Look, We don't need to get into a discussion on how expensive the wonderful test tools at Autozone cost. I know you don't want to stand outside for 20 minutes (It really shouldn't take that long anyway if you know what you are doing) You want to sell parts.

This guys came here looking for help diagnosing his car. Your advise was to tell him to go somewhere else. If you don't want to try and help this guy, keep quiet.

I will tell you that this BEAR thing is not any type of be all end all test equiptment. I had some moron at a Murrays try and diagnose my car with one when I trie dto return a bad alternator they sold me. He fooled around for 20 minutes, insisted my car was screwed up and the alternator was fine. The fact of the matter was the alternator they had sold me was defective, I proved that to him by demonstrating that the car functioned perfectly after replacing the alternator with an OEM part. He gave me all the same arguments about how expensive the tool was, and his training on the tool. Don't take this Machine's results as the last word.

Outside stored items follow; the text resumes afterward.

text \<open>Submodularity of \<open>card \<circ> nbrs E V'\<close> against Hall's condition: every inequality in the
  chain below is forced to be an equality.\<close>

lemma tight_Int:
  assumes "finite V'" "finite F'" "hall_condition E V' F'"
    and "A \<subseteq> F'" "B \<subseteq> F'" "tight E V' A" "tight E V' B"
  shows "tight E V' (A \<inter> B)" and "nbrs E V' (A \<inter> B) = nbrs E V' A \<inter> nbrs E V' B"
proof -
  let ?N = "nbrs E V'"
  have fin: "finite A" "finite B" "finite (?N A)" "finite (?N B)"
    using assms(1,2,4,5) finite_subset finite_nbrs by blast+
  have sub: "?N (A \<inter> B) \<subseteq> ?N A \<inter> ?N B"
    by (simp add: nbrs_mono)
  have "A \<union> B \<subseteq> F'"
    using assms(4,5) by simp
  then have hall_Un: "card (A \<union> B) \<le> card (?N A \<union> ?N B)"
    using assms(3) unfolding hall_condition_def nbrs_Un[symmetric] by blast
  have hall_Int: "card (A \<inter> B) \<le> card (?N (A \<inter> B))"
    using assms(3,4) unfolding hall_condition_def by (simp add: le_infI1)
  have card_sub: "card (?N (A \<inter> B)) \<le> card (?N A \<inter> ?N B)"
    using sub fin by (simp add: card_mono)
  have "card (A \<union> B) + card (A \<inter> B) = card A + card B"
    using card_Un_Int[OF fin(1,2)] by simp
  also have "\<dots> = card (?N A) + card (?N B)"
    using assms(6,7) unfolding tight_def by simp
  also have "\<dots> = card (?N A \<union> ?N B) + card (?N A \<inter> ?N B)"
    using card_Un_Int[OF fin(3,4)] .
  finally have "card (A \<union> B) + card (A \<inter> B) = card (?N A \<union> ?N B) + card (?N A \<inter> ?N B)" .
  with hall_Un hall_Int card_sub
  have "card (A \<inter> B) = card (?N (A \<inter> B))" "card (?N (A \<inter> B)) = card (?N A \<inter> ?N B)"
    by linarith+
  then show "tight E V' (A \<inter> B)" "?N (A \<inter> B) = ?N A \<inter> ?N B"
    unfolding tight_def using card_subset_eq[OF _ sub] fin by auto
qed

definition minimal_tight :: "('a \<times> 'b) set \<Rightarrow> 'a set \<Rightarrow> 'b set \<Rightarrow> 'b set \<Rightarrow> bool" where
  "minimal_tight E V' F' S \<longleftrightarrow>
     S \<noteq> {} \<and> S \<subseteq> F' \<and> tight E V' S \<and> (\<forall>S'. S' \<noteq> {} \<and> S' \<subset> S \<longrightarrow> \<not> tight E V' S')"

lemma ex_minimal_tight:
  assumes "finite F'" "F' \<noteq> {}" "tight E V' F'"
  shows "\<exists>S. minimal_tight E V' F' S"
proof -
  define \<T> where "\<T> = {S. S \<noteq> {} \<and> S \<subseteq> F' \<and> tight E V' S}"
  have "finite \<T>"
    using assms(1) unfolding \<T>_def by (simp add: finite_subset[of _ "Pow F'"] subset_eq)
  moreover have "F' \<in> \<T>"
    using assms unfolding \<T>_def by simp
  ultimately obtain S where "S \<in> \<T>" "\<forall>S'\<in>\<T>. S' \<le> S \<longrightarrow> S = S'"
    using finite_has_minimal2[of \<T> F'] by blast
  then have "minimal_tight E V' F' S"
    unfolding minimal_tight_def \<T>_def by auto
  then show ?thesis ..
qed

lemma minimal_tight_disjoint:
  assumes "finite V'" "finite F'" "hall_condition E V' F'"
    and A: "minimal_tight E V' F' A" and B: "minimal_tight E V' F' B" and "A \<noteq> B"
  shows "A \<inter> B = {}" and "nbrs E V' A \<inter> nbrs E V' B = {}"
proof -
  have "A \<subseteq> F'" "B \<subseteq> F'" "tight E V' A" "tight E V' B"
    using A B unfolding minimal_tight_def by simp_all
  note Int = tight_Int[OF assms(1-3) this]
  show "A \<inter> B = {}"
  proof (rule ccontr)
    assume "A \<inter> B \<noteq> {}"
    moreover have "A \<inter> B \<subset> A \<or> A \<inter> B \<subset> B"
      using \<open>A \<noteq> B\<close> by blast
    ultimately show False
      using A B Int(1) unfolding minimal_tight_def by metis
  qed
  then show "nbrs E V' A \<inter> nbrs E V' B = {}"
    using Int(2) by simp
qed

lemma hall_condition_Diff_tight:
  assumes "finite V'" "finite F'" "hall_condition E V' F'" "S \<subseteq> F'" "tight E V' S"
  shows "hall_condition E (V' - nbrs E V' S) (F' - S)"
  unfolding hall_condition_def
proof (intro allI impI)
  fix T assume T: "T \<subseteq> F' - S"
  let ?N = "nbrs E V'"
  have fin: "finite S" "finite T" "finite (?N S)" "finite (?N T - ?N S)"
    using finite_subset[OF assms(4,2)] finite_subset[OF _ assms(2), of T] T finite_nbrs[OF assms(1)]
    by auto
  have "S \<union> T \<subseteq> F'"
    using assms(4) T by blast
  then have "card (S \<union> T) \<le> card (?N (S \<union> T))"
    using assms(3) unfolding hall_condition_def by simp
  moreover have "card (S \<union> T) = card S + card T"
    using T fin by (intro card_Un_disjoint) auto
  moreover have "?N (S \<union> T) = ?N S \<union> (?N T - ?N S)"
    by (auto simp: nbrs_Un)
  then have "card (?N (S \<union> T)) = card (?N S) + card (?N T - ?N S)"
    using fin by (simp only: card_Un_disjoint Diff_disjoint)
  ultimately show "card T \<le> card (nbrs E (V' - ?N S) T)"
    using assms(5) unfolding tight_def nbrs_Diff by simp
qed

lemma minimal_tight_Diff:
  assumes "minimal_tight E V' F' S" "nbrs E V' S \<inter> X = {}" "S \<inter> Y = {}"
  shows "minimal_tight E (V' - X) (F' - Y) S"
proof -
  have "tight E (V' - X) T \<longleftrightarrow> tight E V' T" if "T \<subseteq> S" for T
  proof -
    have "nbrs E V' T - X = nbrs E V' T"
      using nbrs_mono[OF that, of E V'] assms(2) by blast
    then show ?thesis
      unfolding tight_def nbrs_Diff by simp
  qed
  moreover have "S \<subseteq> F' - Y"
    using assms(1,3) unfolding minimal_tight_def by blast
  ultimately show ?thesis
    using assms(1) unfolding minimal_tight_def by (simp add: less_le_not_le)
qed

lemma reaches_normal_form:
  assumes step: "\<And>s t. P s \<Longrightarrow> R s t \<Longrightarrow> P t \<and> m t < (m s :: nat)" and "P s"
  shows "\<exists>t. R\<^sup>*\<^sup>* s t \<and> (\<nexists>u. R t u)"
  using \<open>P s\<close>
proof (induction "m s" arbitrary: s rule: less_induct)
  case less
  show ?case
  proof (cases "\<exists>u. R s u")
    case True
    then obtain u where "R s u" ..
    with less.prems step have "P u" "m u < m s"
      by blast+
    then obtain t where "R\<^sup>*\<^sup>* u t" "\<nexists>v. R t v"
      using less.hyps by blast
    with \<open>R s u\<close> show ?thesis
      by (meson converse_rtranclp_into_rtranclp)
  qed blast
qed

text \<open>Newman's lemma, in the easy case of a one-step diamond.\<close>

lemma normal_form_unique:
  assumes step: "\<And>s t. P s \<Longrightarrow> R s t \<Longrightarrow> P t \<and> m t < (m s :: nat)"
    and diamond: "\<And>s t\<^sub>1 t\<^sub>2. P s \<Longrightarrow> R s t\<^sub>1 \<Longrightarrow> R s t\<^sub>2 \<Longrightarrow> t\<^sub>1 \<noteq> t\<^sub>2 \<Longrightarrow> \<exists>u. R t\<^sub>1 u \<and> R t\<^sub>2 u"
    and "P s" "R\<^sup>*\<^sup>* s t\<^sub>1" "\<nexists>u. R t\<^sub>1 u" "R\<^sup>*\<^sup>* s t\<^sub>2" "\<nexists>u. R t\<^sub>2 u"
  shows "t\<^sub>1 = t\<^sub>2"
  using assms(3-)
proof (induction "m s" arbitrary: s t\<^sub>1 t\<^sub>2 rule: less_induct)
  case less
  show ?case
  proof (cases "\<exists>u. R s u")
    case False
    then show ?thesis
      using less.prems by (metis converse_rtranclpE)
  next
    case True
    have first_step: "\<exists>s'. R s s' \<and> R\<^sup>*\<^sup>* s' t" if "R\<^sup>*\<^sup>* s t" "\<nexists>u. R t u" for t
      using that True by (metis converse_rtranclpE)
    obtain s\<^sub>1 where s\<^sub>1: "R s s\<^sub>1" "R\<^sup>*\<^sup>* s\<^sub>1 t\<^sub>1"
      using first_step less.prems(2,3) by blast
    obtain s\<^sub>2 where s\<^sub>2: "R s s\<^sub>2" "R\<^sup>*\<^sup>* s\<^sub>2 t\<^sub>2"
      using first_step less.prems(4,5) by blast
    have P\<^sub>1: "P s\<^sub>1" "m s\<^sub>1 < m s" and P\<^sub>2: "P s\<^sub>2" "m s\<^sub>2 < m s"
      using step less.prems(1) s\<^sub>1(1) s\<^sub>2(1) by blast+
    show ?thesis
    proof (cases "s\<^sub>1 = s\<^sub>2")
      case True
      with s\<^sub>2(2) have "R\<^sup>*\<^sup>* s\<^sub>1 t\<^sub>2"
        by simp
      then show ?thesis
        by (rule less.hyps[OF P\<^sub>1(2) P\<^sub>1(1) s\<^sub>1(2) less.prems(3) _ less.prems(5)])
    next
      case False
      then obtain u where u: "R s\<^sub>1 u" "R s\<^sub>2 u"
        using diamond[OF less.prems(1) s\<^sub>1(1) s\<^sub>2(1)] by blast
      have "P u"
        using step[OF P\<^sub>1(1) u(1)] ..
      then obtain t where t: "R\<^sup>*\<^sup>* u t" "\<nexists>v. R t v"
        using reaches_normal_form[of P R m, OF step] by blast
      have "t\<^sub>1 = t"
        using less.hyps[OF P\<^sub>1(2) P\<^sub>1(1) s\<^sub>1(2) less.prems(3)] u(1) t
        by (meson converse_rtranclp_into_rtranclp)
      moreover have "t\<^sub>2 = t"
        using less.hyps[OF P\<^sub>2(2) P\<^sub>2(1) s\<^sub>2(2) less.prems(5)] u(2) t
        by (meson converse_rtranclp_into_rtranclp)
      ultimately show ?thesis
        by simp
    qed
  qed
qed

fun cluster_step :: "('a \<times> 'a) set \<Rightarrow> 'a set \<Rightarrow> 'a alg_state \<Rightarrow> 'a alg_state" where
  "cluster_step E S (V', F', Cl, Ed) =
     (let N = nbrs E V' S; C = S \<union> N
      in (V' - N, F' - S, insert C Cl, Ed \<union> {(v, C) | v. v \<in> adj E S - N}))"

Which brings me to the next point. If the guy in the original post is still reading I would advise getting your new alternator from a Ford dealer rather than one of the chain type parts stores, in my experience the price difference was minimal. They typically get their parts from questionable rebuilders who don't replace anymore than a few parts, usually not the regulator, (unless it is a solid failure), which is the common failure. Also FWIW I say a few, supposedly working, SC alternators on e-bay last night for less than $10.